* **Exercise requirements**: Repeat exactly, and only, the lines of the entries below from the one with "section \<open>The homomorphism" through the one with "define a' where", both ends included.
▼
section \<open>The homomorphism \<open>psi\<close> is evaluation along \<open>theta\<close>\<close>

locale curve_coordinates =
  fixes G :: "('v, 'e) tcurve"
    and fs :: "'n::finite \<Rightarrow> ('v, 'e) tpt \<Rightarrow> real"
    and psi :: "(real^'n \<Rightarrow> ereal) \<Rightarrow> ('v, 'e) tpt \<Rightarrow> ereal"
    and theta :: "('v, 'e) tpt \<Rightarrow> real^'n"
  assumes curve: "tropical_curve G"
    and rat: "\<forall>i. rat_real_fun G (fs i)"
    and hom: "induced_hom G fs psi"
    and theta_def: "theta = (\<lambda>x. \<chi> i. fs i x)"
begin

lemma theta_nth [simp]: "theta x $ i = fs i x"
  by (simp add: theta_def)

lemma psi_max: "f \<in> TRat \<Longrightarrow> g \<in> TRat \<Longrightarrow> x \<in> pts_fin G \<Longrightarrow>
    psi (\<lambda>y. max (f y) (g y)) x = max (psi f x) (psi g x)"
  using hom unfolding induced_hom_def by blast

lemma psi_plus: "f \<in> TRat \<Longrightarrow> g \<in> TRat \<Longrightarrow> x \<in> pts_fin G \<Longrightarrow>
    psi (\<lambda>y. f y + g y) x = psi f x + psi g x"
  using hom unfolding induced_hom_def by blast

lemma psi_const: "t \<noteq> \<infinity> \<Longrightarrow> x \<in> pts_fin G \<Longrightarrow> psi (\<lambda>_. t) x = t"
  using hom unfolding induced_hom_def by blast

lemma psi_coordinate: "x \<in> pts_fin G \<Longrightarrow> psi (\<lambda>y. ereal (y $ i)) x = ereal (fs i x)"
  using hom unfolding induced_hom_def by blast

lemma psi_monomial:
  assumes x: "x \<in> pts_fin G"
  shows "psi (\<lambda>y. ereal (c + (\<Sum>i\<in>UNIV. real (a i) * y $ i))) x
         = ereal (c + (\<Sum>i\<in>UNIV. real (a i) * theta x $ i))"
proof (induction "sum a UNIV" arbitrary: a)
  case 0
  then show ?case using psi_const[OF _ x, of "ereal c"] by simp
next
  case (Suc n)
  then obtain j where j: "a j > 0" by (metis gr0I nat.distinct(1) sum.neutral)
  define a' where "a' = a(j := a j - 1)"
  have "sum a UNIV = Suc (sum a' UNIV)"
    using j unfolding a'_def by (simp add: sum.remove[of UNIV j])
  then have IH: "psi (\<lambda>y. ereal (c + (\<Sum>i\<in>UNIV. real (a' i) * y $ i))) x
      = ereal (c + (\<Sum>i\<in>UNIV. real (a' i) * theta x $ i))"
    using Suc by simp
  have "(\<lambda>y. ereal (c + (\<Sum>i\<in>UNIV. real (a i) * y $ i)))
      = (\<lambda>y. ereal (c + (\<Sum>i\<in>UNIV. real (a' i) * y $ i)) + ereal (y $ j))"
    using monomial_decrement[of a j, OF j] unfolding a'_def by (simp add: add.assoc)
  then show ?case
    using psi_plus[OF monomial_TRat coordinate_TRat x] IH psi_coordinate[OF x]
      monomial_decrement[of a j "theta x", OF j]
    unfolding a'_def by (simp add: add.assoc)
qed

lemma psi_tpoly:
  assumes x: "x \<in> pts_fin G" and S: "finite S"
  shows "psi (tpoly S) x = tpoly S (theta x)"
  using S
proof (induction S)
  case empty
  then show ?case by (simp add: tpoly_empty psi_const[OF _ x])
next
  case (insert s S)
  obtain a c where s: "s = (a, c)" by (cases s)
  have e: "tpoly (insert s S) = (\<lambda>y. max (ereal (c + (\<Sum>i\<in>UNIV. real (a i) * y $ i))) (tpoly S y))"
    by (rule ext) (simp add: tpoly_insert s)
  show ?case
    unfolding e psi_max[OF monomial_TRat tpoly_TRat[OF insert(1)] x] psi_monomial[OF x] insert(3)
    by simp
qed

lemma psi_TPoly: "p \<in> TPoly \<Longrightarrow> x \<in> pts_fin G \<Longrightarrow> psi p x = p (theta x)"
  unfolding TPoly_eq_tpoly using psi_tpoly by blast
▲
▼
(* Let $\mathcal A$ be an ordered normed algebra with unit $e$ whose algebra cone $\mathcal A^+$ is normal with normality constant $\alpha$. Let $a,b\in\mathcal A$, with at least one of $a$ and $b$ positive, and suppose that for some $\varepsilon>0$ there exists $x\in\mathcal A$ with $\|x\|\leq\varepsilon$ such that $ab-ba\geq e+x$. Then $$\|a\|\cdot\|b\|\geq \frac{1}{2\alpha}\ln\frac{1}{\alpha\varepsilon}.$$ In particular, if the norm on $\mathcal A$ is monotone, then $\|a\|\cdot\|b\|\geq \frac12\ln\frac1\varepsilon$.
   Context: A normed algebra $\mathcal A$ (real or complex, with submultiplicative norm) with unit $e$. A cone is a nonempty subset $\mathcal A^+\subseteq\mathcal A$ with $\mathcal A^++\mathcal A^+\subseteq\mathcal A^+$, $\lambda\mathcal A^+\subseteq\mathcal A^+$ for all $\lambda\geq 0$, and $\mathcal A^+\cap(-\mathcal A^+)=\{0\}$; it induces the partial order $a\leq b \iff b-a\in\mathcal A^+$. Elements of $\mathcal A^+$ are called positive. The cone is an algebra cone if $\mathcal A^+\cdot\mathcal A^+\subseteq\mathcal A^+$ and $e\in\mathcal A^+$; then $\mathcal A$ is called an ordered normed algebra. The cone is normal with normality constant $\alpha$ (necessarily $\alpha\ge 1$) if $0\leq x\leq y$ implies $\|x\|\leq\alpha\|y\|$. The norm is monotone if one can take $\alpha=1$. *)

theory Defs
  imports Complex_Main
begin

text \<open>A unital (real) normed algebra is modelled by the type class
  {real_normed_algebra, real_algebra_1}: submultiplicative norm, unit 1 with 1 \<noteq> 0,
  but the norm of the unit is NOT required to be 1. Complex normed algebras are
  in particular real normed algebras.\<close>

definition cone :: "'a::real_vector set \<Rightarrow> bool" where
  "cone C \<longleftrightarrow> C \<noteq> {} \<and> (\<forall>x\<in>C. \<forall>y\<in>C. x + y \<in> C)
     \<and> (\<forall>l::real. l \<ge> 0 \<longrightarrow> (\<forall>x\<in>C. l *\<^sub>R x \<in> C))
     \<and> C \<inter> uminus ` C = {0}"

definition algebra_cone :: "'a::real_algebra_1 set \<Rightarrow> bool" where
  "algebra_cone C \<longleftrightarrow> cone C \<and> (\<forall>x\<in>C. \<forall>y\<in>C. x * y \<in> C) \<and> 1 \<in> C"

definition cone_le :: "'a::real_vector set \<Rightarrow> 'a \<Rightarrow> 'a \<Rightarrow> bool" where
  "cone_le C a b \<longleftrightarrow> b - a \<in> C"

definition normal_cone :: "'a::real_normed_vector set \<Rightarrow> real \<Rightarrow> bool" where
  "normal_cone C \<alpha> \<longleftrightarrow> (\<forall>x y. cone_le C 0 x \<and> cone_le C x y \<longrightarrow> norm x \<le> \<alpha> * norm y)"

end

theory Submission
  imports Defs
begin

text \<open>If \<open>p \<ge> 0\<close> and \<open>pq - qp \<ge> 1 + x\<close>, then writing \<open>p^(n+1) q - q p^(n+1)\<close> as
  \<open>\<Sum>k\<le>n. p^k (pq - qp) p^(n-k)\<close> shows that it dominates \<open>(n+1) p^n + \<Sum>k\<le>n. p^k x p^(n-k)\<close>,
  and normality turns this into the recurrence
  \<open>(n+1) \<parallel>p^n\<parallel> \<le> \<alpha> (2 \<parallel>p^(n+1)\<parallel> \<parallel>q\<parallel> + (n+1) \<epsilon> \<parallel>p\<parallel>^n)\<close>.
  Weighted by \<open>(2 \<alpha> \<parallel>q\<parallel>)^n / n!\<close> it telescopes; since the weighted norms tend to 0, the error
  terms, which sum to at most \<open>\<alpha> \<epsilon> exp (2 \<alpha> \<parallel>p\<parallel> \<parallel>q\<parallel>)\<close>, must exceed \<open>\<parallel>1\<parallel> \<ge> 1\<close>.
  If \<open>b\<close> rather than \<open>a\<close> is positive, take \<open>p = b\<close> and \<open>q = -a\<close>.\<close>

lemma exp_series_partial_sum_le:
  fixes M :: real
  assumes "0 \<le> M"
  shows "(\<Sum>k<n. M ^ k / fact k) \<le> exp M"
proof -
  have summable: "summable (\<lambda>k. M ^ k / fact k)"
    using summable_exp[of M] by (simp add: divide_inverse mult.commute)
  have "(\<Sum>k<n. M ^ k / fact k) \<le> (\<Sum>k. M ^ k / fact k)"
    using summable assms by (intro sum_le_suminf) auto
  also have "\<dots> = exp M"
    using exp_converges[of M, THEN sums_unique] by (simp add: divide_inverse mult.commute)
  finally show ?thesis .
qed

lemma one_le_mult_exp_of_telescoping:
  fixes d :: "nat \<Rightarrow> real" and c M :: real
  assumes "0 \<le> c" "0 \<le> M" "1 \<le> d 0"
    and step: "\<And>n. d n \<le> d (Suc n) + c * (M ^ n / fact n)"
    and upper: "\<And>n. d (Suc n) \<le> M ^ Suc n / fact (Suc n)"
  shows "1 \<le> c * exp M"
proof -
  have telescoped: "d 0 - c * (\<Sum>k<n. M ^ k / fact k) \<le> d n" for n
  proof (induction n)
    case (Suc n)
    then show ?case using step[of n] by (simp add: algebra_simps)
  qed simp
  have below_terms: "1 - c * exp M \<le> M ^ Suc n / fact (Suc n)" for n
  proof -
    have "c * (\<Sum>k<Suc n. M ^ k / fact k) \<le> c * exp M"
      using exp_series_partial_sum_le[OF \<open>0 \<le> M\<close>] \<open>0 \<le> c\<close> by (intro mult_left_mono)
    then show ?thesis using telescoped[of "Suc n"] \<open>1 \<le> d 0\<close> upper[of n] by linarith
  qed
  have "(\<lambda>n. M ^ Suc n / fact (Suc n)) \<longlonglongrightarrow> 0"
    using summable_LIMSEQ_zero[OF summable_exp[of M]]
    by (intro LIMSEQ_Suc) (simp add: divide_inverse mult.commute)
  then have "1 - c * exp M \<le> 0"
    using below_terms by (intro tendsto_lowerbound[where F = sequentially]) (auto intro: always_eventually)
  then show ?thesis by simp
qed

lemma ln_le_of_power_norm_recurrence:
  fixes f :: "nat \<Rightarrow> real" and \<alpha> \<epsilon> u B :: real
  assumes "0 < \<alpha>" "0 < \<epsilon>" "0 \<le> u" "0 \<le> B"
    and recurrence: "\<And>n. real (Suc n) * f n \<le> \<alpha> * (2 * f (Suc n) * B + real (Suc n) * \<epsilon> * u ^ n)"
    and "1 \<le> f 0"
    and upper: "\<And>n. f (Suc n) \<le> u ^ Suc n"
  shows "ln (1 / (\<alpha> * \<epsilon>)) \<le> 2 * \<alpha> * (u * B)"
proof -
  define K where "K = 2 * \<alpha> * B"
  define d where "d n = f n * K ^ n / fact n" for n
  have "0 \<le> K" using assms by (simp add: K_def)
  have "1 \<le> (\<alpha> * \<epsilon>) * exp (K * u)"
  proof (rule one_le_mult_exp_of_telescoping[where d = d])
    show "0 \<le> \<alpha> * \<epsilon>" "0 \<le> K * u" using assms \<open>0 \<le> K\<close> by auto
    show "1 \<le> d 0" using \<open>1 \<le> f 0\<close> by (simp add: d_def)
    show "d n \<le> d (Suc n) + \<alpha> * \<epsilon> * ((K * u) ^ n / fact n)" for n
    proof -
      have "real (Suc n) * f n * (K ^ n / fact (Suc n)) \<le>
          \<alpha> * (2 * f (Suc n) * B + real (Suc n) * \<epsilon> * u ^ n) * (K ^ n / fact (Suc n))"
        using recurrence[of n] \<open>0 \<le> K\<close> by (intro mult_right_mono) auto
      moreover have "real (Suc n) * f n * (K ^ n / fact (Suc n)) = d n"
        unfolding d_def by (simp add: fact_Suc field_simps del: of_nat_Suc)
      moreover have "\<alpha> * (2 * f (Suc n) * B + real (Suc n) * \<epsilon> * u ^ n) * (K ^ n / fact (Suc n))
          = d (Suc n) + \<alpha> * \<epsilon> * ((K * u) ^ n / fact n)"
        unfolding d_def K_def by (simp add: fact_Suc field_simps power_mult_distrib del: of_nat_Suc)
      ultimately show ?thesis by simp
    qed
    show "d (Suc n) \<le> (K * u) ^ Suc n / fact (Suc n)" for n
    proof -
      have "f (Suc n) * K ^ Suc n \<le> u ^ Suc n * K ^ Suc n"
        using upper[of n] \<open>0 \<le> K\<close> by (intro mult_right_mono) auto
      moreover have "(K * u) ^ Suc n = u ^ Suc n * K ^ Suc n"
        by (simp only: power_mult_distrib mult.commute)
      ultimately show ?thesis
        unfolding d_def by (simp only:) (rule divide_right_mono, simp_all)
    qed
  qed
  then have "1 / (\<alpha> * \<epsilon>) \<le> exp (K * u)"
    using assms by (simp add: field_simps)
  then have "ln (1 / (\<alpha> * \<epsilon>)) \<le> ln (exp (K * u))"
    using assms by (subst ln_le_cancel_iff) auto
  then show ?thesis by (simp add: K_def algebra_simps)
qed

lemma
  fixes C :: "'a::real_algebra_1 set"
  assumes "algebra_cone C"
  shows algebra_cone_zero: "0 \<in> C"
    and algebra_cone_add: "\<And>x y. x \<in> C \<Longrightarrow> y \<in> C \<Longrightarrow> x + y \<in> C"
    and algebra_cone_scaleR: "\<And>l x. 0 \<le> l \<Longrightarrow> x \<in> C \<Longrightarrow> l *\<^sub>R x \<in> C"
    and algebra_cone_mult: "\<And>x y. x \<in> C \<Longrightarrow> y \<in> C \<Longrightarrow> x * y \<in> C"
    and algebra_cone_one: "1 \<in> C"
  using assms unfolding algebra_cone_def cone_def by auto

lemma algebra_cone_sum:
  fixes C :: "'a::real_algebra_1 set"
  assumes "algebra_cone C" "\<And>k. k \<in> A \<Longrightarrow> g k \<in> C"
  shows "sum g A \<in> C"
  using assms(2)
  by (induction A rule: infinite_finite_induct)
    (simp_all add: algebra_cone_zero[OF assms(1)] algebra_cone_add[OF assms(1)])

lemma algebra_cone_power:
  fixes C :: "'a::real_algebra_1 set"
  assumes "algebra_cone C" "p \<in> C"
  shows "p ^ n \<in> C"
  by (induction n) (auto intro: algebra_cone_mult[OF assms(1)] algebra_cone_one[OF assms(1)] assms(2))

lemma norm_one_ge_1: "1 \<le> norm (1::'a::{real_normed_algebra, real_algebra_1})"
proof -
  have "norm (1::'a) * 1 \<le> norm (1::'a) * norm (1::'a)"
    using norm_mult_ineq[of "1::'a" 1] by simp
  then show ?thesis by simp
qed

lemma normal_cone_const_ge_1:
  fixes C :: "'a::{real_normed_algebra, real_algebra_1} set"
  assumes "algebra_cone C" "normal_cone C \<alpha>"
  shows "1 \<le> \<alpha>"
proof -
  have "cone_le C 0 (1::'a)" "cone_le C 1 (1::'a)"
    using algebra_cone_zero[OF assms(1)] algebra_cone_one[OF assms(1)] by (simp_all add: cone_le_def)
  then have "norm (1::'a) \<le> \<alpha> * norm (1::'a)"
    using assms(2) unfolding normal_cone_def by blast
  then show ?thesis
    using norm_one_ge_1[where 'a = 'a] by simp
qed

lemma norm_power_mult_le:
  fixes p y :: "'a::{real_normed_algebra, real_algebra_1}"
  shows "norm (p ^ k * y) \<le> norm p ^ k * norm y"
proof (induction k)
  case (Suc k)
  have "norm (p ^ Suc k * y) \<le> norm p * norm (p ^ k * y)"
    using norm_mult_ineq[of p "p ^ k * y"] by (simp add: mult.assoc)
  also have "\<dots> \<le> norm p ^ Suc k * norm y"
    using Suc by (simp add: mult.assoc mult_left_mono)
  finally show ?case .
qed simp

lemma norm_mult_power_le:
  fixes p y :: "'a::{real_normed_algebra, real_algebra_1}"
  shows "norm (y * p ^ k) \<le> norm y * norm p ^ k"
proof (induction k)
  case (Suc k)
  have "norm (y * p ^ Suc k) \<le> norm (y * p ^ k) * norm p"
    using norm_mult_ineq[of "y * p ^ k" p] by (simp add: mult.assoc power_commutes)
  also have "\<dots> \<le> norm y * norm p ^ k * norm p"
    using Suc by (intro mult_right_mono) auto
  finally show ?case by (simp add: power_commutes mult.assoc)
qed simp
▲
* **Exercise answer**:
section \<open>The homomorphism \<open>psi\<close> is evaluation along \<open>theta\<close>\<close>

locale curve_coordinates =
  fixes G :: "('v, 'e) tcurve"
    and fs :: "'n::finite \<Rightarrow> ('v, 'e) tpt \<Rightarrow> real"
    and psi :: "(real^'n \<Rightarrow> ereal) \<Rightarrow> ('v, 'e) tpt \<Rightarrow> ereal"
    and theta :: "('v, 'e) tpt \<Rightarrow> real^'n"
  assumes curve: "tropical_curve G"
    and rat: "\<forall>i. rat_real_fun G (fs i)"
    and hom: "induced_hom G fs psi"
    and theta_def: "theta = (\<lambda>x. \<chi> i. fs i x)"
begin

lemma theta_nth [simp]: "theta x $ i = fs i x"
  by (simp add: theta_def)

lemma psi_max: "f \<in> TRat \<Longrightarrow> g \<in> TRat \<Longrightarrow> x \<in> pts_fin G \<Longrightarrow>
    psi (\<lambda>y. max (f y) (g y)) x = max (psi f x) (psi g x)"
  using hom unfolding induced_hom_def by blast

lemma psi_plus: "f \<in> TRat \<Longrightarrow> g \<in> TRat \<Longrightarrow> x \<in> pts_fin G \<Longrightarrow>
    psi (\<lambda>y. f y + g y) x = psi f x + psi g x"
  using hom unfolding induced_hom_def by blast

lemma psi_const: "t \<noteq> \<infinity> \<Longrightarrow> x \<in> pts_fin G \<Longrightarrow> psi (\<lambda>_. t) x = t"
  using hom unfolding induced_hom_def by blast

lemma psi_coordinate: "x \<in> pts_fin G \<Longrightarrow> psi (\<lambda>y. ereal (y $ i)) x = ereal (fs i x)"
  using hom unfolding induced_hom_def by blast

lemma psi_monomial:
  assumes x: "x \<in> pts_fin G"
  shows "psi (\<lambda>y. ereal (c + (\<Sum>i\<in>UNIV. real (a i) * y $ i))) x
         = ereal (c + (\<Sum>i\<in>UNIV. real (a i) * theta x $ i))"
proof (induction "sum a UNIV" arbitrary: a)
  case 0
  then show ?case using psi_const[OF _ x, of "ereal c"] by simp
next
  case (Suc n)
  then obtain j where j: "a j > 0" by (metis gr0I nat.distinct(1) sum.neutral)
  define a' where "a' = a(j := a j - 1)"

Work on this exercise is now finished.